▸ **Exercise requirements**
Using the entries that follow, count the lines containing the word "empty" and give that number by itself.

▸ **Entries supplied**
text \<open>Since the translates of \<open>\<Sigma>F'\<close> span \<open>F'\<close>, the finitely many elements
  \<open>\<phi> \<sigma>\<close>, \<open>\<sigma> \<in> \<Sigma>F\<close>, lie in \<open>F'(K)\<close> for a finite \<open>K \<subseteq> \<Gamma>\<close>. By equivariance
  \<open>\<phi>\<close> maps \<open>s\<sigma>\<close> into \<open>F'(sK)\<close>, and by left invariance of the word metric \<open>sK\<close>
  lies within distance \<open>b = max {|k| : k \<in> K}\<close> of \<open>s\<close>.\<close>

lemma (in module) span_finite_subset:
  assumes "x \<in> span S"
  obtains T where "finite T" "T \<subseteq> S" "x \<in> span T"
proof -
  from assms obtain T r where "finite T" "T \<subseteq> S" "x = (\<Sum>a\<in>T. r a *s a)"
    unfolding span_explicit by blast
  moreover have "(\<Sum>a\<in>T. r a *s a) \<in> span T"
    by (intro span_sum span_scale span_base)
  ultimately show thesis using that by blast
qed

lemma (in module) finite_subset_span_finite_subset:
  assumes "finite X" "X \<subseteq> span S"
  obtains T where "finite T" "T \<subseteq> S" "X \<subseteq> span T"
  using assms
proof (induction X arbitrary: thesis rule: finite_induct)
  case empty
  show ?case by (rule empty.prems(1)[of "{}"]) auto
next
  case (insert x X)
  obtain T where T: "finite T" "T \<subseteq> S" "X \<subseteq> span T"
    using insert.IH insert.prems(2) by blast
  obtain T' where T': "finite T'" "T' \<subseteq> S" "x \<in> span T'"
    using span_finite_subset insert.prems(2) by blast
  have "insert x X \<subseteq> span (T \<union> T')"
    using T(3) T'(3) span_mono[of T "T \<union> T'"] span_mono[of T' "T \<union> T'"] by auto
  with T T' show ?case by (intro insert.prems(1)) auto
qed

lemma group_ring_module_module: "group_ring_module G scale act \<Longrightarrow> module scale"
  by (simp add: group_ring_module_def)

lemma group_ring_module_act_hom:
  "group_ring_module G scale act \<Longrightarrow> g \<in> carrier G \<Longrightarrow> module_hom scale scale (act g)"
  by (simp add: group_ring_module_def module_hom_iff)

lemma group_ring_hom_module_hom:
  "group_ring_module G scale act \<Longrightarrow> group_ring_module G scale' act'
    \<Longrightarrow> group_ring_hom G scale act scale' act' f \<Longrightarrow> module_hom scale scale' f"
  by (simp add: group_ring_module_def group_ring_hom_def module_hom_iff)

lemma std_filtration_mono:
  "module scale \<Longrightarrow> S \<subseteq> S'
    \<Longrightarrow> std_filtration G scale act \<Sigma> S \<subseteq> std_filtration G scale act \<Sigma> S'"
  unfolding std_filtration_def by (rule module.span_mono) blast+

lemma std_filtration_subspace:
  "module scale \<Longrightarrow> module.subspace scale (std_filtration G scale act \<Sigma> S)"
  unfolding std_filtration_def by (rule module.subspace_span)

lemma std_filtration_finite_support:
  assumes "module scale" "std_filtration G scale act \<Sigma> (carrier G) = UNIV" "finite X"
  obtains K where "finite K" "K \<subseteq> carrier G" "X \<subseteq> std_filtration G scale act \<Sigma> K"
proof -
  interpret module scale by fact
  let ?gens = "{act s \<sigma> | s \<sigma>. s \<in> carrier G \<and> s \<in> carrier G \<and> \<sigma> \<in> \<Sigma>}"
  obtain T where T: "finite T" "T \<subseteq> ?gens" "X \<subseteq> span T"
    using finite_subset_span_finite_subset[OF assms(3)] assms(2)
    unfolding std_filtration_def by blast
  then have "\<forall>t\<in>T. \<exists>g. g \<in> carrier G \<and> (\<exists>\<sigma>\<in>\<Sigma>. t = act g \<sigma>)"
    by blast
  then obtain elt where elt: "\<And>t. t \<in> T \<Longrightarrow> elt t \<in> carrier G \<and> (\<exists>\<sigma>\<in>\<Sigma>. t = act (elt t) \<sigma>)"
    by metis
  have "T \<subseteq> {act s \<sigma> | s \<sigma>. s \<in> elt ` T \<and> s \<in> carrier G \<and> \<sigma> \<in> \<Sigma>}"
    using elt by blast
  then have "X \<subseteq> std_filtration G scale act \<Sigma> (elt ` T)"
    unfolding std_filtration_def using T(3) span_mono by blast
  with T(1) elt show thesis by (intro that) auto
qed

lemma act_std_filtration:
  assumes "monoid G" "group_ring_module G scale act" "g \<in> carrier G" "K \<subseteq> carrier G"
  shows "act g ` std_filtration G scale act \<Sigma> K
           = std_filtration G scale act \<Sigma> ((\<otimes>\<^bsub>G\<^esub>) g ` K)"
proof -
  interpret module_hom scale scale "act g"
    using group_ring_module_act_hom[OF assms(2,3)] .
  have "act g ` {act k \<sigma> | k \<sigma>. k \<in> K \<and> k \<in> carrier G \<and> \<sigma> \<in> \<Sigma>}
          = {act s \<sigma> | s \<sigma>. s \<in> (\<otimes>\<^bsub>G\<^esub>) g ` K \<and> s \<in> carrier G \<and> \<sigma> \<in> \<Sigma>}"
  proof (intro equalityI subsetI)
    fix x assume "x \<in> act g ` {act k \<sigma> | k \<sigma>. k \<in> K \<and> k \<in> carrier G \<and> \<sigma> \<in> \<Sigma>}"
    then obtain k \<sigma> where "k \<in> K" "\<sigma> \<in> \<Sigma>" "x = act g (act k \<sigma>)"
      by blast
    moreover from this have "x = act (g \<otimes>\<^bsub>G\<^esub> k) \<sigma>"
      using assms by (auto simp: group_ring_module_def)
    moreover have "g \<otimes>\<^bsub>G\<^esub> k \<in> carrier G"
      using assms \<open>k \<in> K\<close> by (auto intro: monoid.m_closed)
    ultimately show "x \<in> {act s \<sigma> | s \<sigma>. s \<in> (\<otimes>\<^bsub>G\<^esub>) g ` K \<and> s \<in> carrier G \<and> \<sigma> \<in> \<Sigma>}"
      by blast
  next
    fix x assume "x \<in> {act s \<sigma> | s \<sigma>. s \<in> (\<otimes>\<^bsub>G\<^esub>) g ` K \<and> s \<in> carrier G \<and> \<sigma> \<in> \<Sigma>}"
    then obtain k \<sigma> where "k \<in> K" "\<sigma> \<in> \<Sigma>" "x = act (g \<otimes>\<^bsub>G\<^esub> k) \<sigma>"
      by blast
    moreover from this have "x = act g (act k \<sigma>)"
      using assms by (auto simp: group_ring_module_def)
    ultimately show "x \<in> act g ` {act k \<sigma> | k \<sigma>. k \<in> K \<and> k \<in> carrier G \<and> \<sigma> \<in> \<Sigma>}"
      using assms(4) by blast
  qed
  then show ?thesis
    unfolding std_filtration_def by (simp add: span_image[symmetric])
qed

▸ **Solution**
2